Himachal Pradesh Stories and Tips

The road to Dharamsala

We left our base at the Sun Park hotel in Manali to head off to Dharamsala but things started a little slowly. Our poor driver, Mr Singh, was late arriving because he’d been staying in a drivers’ hostel where there was no hot water in the morning because the cold night had frozen everything. We were due to leave at about 8.30 but finally hit the road closer to 9 o’clock. There’s no point stressing about such things when you’re surrounded by giant mountains and it’s the done thing to take your time.


The first couple of hours of the journey were simply retracing our route from a few days earlier, heading back along Route 21 towards Mandi. Although we’d been there before, the route felt fresh as we’d been half (or fully) asleep when going the other way. After about two hours we stopped at a roadside dhaba for lime sodas and some interesting local toilet facilities and for Mr Singh to get tea and something to eat and then got back in the car and carried on along the rough roads, heading to lower altitudes than those we’d left behind.


The lower altitude areas were characterised by quite different scenery. This is a big fruit growing area and we passed lots of orchards and juice processing plants. Mandi seemed to be the biggest city in the area, with a wide, rock-strewn river passing through the centre of the city. I’d have liked to stop and have a look but we still had a long way to go and had to press one.


In the early afternoon whilst driving through some orchards, the car got a puncture and we had to stop. Fortunately there was plenty of shade so we weren’t too exposed to the hot mid-day sun. Mr Singh must have had many punctures in his driving career but he clearly didn’t really know what he was doing. Tony, my husband was torn about what to do and held back until Mr Singh realised it wasn’t going to work before getting involved and helping him to put the jack in the right place. The spare tyre had even less tread than the now punctured one and we had to hope that it wouldn’t rain for the rest of the journey. When they finished fixing the tyre, Mr Singh declared "You sir, very good man sir".


We then drove on, back up the mountainsides and into the higher Himalaya. The scenery was as good as it can be but after a few hours it becomes hard to really take it all in any more.


Twice along the route the car was stopped and our bags were searched. Elections were due to take place soon after and police were checking cars for smuggled alcohol, although quite why they might think two very obviously foreign tourists would have decided to subsidise their holiday with illicit liquor activities was a mystery. My bag was opened and examined in the middle of the road whilst I sat in the car and glared as menacingly as I could manage.

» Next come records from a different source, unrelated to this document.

(* For all $s,s^*\in\mathbb R$, $$(s-s^* )\big(\mathrm{shrink}(s)-\mathrm{shrink}(s^* )\big)\ge\frac{|\mathrm{shrink}(s^* )|}{|\mathrm{shrink}(s^* )|+2}(s-s^* )^2\ge0,$$ and the first inequality holds with equality when $s=-\mathrm{sign}(s^* )$.
   Context: $\mathrm{shrink}(s):=\mathrm{sign}(s)\max\{|s|-1,0\}$ (soft-thresholding with threshold $1$). *)

theory Defs
  imports Complex_Main
begin

definition shrink :: "real \<Rightarrow> real" where
  "shrink s = sgn s * max (\<bar>s\<bar> - 1) 0"

end

theory Submission
  imports Defs
begin

(* Writing c = |shrink t|, the claim (s - t)(shrink s - shrink t) >= c/(c+2) (s - t)^2
   is cleared of its denominator and proved in the form
     (c + 2) (s - t)(shrink s - shrink t) >= c (s - t)^2.
   shrink is piecewise linear (s - 1 above 1, 0 on [-1,1], s + 1 below -1) and odd, so
   it suffices to treat t > 1, where c = t - 1, by a case split on the piece containing s;
   t < -1 follows by oddness, and for |t| <= 1 we have c = 0 and the bound is plain
   monotonicity of shrink.  The equality case s = -sgn t is checked directly: for |t| > 1
   the point s = -sgn t lies in the dead zone, which is exactly where the bound is tight. *)

lemma shrink_piecewise:
  "shrink s = (if s \<ge> 1 then s - 1 else if s \<le> -1 then s + 1 else 0)"
  by (auto simp: shrink_def sgn_if)

lemma shrink_minus: "shrink (- s) = - shrink s"
  by (simp add: shrink_piecewise)

lemma shrink_bound_above_threshold:
  fixes s t :: real
  assumes "t > 1"
  shows "(\<bar>shrink t\<bar> + 2) * ((s - t) * (shrink s - shrink t)) \<ge> \<bar>shrink t\<bar> * (s - t)\<^sup>2"
proof -
  have t: "\<bar>shrink t\<bar> = t - 1" "shrink t = t - 1"
    using assms by (auto simp: shrink_piecewise)
  consider "s \<ge> 1" | "-1 < s" "s < 1" | "s \<le> -1" by linarith
  then show ?thesis
  proof cases
    case 1
    then have "shrink s = s - 1" by (simp add: shrink_piecewise)
    moreover have "0 \<le> 2 * (s - t)\<^sup>2" by simp
    ultimately show ?thesis
      unfolding t using assms by (simp add: power2_eq_square algebra_simps)
  next
    case 2
    then have "shrink s = 0" by (simp add: shrink_piecewise)
    moreover have "(t - 1) * ((t - s) * (s + 1)) \<ge> 0"
      using 2 assms by (intro mult_nonneg_nonneg) auto
    ultimately show ?thesis
      unfolding t using assms by (simp add: power2_eq_square algebra_simps)
  next
    case 3
    then have "shrink s = s + 1" by (simp add: shrink_piecewise)
    moreover have "(t - s) * (- (s + 1)) \<ge> 0"
      using 3 assms by (intro mult_nonneg_nonneg) auto
    ultimately show ?thesis
      unfolding t using assms by (simp add: power2_eq_square algebra_simps)
  qed
qed

text \<open>Inside the dead zone the bound degenerates to monotonicity of shrink.\<close>
lemma shrink_bound_dead_zone:
  fixes s t :: real
  assumes "\<bar>t\<bar> \<le> 1"
  shows "(\<bar>shrink t\<bar> + 2) * ((s - t) * (shrink s - shrink t)) \<ge> \<bar>shrink t\<bar> * (s - t)\<^sup>2"
proof -
  have "shrink t = 0" using assms by (auto simp: shrink_piecewise)
  moreover have "(s - t) * shrink s \<ge> 0"
    using assms by (auto simp: shrink_piecewise intro: mult_nonneg_nonneg mult_nonpos_nonpos)
  ultimately show ?thesis by simp
qed

lemma shrink_strong_monotone_cleared:
  fixes s t :: real
  shows "(\<bar>shrink t\<bar> + 2) * ((s - t) * (shrink s - shrink t)) \<ge> \<bar>shrink t\<bar> * (s - t)\<^sup>2"
proof -
  consider "t > 1" | "t < -1" | "\<bar>t\<bar> \<le> 1" by linarith
  then show ?thesis
  proof cases
    case 1
    then show ?thesis by (rule shrink_bound_above_threshold)
  next
    case 2
    then have "(\<bar>shrink (- t)\<bar> + 2) * ((- s - - t) * (shrink (- s) - shrink (- t)))
                 \<ge> \<bar>shrink (- t)\<bar> * (- s - - t)\<^sup>2"
      by (intro shrink_bound_above_threshold) simp
    then show ?thesis
      unfolding shrink_minus by (simp add: power2_eq_square algebra_simps)
  next
    case 3
    then show ?thesis by (rule shrink_bound_dead_zone)
  qed
qed

text \<open>The bound is attained at s = -sgn t: shrink vanishes there, and for t > 1 both sides
  equal (t - 1)(t + 1) (the mirror case t < -1 is symmetric; for |t| <= 1 both sides are 0).\<close>
lemma shrink_strong_monotone_tight:
  fixes t :: real
  shows "(- sgn t - t) * (shrink (- sgn t) - shrink t)
           = \<bar>shrink t\<bar> / (\<bar>shrink t\<bar> + 2) * (- sgn t - t)\<^sup>2"
proof -
  consider "t > 1" | "t < -1" | "\<bar>t\<bar> \<le> 1" by linarith
  then show ?thesis
  proof cases
    case 1
    then have pieces: "shrink t = t - 1" "sgn t = 1" "shrink (- 1) = 0"
      by (auto simp: shrink_piecewise)
    show ?thesis unfolding pieces using 1 by (simp add: power2_eq_square field_simps)
  next
    case 2
    then have pieces: "shrink t = t + 1" "sgn t = - 1" "shrink 1 = 0"
      by (auto simp: shrink_piecewise)
    show ?thesis unfolding pieces using 2 by (simp add: pieces power2_eq_square field_simps)
  next
    case 3
    then have "shrink t = 0" "shrink (- sgn t) = 0"
      by (auto simp: shrink_piecewise sgn_if)
    then show ?thesis by simp
  qed
qed

theorem mainTheorem16:
  fixes s s_star :: real
  shows "(s - s_star) * (shrink s - shrink s_star)
           \<ge> \<bar>shrink s_star\<bar> / (\<bar>shrink s_star\<bar> + 2) * (s - s_star)\<^sup>2
       \<and> \<bar>shrink s_star\<bar> / (\<bar>shrink s_star\<bar> + 2) * (s - s_star)\<^sup>2 \<ge> 0
       \<and> (s = - sgn s_star \<longrightarrow>
            (s - s_star) * (shrink s - shrink s_star)
              = \<bar>shrink s_star\<bar> / (\<bar>shrink s_star\<bar> + 2) * (s - s_star)\<^sup>2)"
proof (intro conjI impI)
  have "\<bar>shrink s_star\<bar> + 2 > 0" by simp
  then show "(s - s_star) * (shrink s - shrink s_star)
               \<ge> \<bar>shrink s_star\<bar> / (\<bar>shrink s_star\<bar> + 2) * (s - s_star)\<^sup>2"
    using shrink_strong_monotone_cleared[where s = s and t = s_star]
    by (simp add: divide_le_eq mult.commute)
  show "\<bar>shrink s_star\<bar> / (\<bar>shrink s_star\<bar> + 2) * (s - s_star)\<^sup>2 \<ge> 0"
    by simp
next
  assume "s = - sgn s_star"
  then show "(s - s_star) * (shrink s - shrink s_star)
               = \<bar>shrink s_star\<bar> / (\<bar>shrink s_star\<bar> + 2) * (s - s_star)\<^sup>2"
    using shrink_strong_monotone_tight[of s_star] by simp
qed

end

Eventually we arrived at about 5 o’clock in the afternoon. Approaching Dharamsala we started to see a change in the people we passed. More were wearing the robes of Buddhist monks and the people were looking more Tibetan and less Indian. Increasing numbers of foreign tourists were wandering around, and as we passed through Dharamsala and up to McLeod Ganj, the home of the Dalai Lama and his followers it was clear that this was going to be a very different type of Himalayan town than we’d visited before.